### Work instructions
Report how many lines in the records below contain the word "fixes". Nothing else belongs in the answer.
Extracted records below:
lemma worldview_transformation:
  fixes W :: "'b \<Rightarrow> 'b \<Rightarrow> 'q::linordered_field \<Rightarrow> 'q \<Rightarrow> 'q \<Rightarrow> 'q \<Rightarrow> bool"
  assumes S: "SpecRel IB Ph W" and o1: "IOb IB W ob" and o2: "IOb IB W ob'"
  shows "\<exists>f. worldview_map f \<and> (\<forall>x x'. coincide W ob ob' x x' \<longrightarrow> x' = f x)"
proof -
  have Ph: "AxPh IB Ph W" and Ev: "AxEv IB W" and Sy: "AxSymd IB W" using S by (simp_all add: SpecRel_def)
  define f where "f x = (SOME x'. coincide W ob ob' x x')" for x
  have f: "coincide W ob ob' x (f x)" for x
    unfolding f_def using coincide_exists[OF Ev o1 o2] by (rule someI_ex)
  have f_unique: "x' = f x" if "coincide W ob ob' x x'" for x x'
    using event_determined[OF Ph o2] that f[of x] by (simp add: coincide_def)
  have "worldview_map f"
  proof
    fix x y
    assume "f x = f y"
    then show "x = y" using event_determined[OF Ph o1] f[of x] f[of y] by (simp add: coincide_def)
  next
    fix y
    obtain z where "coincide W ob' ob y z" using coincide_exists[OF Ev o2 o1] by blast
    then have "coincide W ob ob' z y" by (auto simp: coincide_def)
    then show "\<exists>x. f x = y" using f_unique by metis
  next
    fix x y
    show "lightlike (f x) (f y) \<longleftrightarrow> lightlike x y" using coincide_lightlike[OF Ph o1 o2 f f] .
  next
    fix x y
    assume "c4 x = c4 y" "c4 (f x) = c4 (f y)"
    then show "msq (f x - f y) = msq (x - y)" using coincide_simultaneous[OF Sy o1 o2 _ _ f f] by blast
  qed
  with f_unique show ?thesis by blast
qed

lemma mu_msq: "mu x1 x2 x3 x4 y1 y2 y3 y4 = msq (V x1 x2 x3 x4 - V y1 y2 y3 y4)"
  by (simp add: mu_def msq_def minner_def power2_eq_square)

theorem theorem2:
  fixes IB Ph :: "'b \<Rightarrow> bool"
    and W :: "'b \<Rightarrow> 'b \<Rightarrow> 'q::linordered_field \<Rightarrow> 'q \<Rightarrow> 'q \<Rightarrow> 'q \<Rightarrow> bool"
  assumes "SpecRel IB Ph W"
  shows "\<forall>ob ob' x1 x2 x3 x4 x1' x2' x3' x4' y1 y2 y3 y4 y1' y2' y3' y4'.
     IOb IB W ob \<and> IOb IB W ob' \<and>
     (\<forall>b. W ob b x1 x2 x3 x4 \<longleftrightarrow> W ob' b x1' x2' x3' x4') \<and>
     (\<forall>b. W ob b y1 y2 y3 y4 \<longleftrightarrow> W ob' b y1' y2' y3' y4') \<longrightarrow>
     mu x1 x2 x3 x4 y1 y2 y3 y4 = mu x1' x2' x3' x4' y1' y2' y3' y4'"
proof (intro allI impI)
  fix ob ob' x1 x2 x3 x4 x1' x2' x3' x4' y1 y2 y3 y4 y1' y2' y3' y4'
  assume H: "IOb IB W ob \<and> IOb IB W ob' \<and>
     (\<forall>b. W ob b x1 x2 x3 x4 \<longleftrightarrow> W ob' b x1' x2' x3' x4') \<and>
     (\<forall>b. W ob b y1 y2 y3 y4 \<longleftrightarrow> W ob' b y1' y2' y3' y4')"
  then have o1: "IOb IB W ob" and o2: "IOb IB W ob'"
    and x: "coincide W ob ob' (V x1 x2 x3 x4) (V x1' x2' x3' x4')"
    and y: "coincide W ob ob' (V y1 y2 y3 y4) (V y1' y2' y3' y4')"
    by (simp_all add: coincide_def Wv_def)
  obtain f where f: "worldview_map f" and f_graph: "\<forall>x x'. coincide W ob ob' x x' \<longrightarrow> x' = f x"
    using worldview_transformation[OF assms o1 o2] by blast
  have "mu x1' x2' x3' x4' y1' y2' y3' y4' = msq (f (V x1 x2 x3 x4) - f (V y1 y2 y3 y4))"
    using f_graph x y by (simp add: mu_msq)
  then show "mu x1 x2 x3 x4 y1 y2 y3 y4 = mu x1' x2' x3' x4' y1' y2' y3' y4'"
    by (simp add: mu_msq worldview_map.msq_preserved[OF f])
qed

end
End of Extracted records.
Extracted records below:
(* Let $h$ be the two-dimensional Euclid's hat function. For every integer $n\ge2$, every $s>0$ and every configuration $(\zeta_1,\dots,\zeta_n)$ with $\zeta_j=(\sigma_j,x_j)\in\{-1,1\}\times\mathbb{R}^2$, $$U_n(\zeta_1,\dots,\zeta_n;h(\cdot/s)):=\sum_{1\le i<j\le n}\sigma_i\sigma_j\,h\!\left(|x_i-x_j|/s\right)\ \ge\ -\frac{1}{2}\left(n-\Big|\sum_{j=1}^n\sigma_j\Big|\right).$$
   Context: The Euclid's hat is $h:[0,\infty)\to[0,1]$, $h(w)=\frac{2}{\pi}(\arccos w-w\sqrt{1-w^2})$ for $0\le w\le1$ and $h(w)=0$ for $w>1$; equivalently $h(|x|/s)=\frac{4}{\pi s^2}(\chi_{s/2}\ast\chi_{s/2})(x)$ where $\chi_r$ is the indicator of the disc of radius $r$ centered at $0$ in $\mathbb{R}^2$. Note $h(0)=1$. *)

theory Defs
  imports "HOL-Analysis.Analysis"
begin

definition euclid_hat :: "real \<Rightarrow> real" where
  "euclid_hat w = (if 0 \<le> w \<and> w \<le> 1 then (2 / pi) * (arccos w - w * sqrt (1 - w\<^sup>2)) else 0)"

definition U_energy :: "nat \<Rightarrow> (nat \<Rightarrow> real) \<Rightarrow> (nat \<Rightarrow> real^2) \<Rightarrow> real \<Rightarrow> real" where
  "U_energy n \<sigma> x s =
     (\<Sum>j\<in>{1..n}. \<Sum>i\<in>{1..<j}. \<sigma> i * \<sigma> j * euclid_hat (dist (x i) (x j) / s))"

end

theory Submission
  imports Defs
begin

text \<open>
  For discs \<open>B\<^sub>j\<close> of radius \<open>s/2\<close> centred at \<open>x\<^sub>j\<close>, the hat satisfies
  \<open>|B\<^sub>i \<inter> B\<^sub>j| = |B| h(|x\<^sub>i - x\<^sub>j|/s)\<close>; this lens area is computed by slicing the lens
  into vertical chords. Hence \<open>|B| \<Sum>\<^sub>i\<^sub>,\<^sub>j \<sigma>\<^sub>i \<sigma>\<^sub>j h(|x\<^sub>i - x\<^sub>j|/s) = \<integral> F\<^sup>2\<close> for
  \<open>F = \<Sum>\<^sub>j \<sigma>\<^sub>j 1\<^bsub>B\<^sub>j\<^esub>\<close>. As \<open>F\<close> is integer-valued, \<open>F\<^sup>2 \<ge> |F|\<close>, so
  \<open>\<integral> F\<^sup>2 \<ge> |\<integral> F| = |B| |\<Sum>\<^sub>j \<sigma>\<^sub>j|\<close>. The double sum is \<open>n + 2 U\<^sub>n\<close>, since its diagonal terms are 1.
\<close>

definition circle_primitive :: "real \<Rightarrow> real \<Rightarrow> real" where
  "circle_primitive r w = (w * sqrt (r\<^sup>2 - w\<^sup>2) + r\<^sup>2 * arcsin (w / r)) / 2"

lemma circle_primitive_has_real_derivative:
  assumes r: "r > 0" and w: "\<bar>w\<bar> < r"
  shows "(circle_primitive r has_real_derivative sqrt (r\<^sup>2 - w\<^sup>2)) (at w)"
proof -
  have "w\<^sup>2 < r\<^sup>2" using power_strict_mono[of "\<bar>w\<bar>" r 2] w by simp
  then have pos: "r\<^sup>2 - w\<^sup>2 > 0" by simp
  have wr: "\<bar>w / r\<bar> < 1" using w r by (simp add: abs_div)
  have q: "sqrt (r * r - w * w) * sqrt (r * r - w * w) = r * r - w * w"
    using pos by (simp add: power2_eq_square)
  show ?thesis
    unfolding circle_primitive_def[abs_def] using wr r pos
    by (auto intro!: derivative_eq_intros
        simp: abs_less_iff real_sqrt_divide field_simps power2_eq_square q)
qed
End of Extracted records.
### Response to the task
2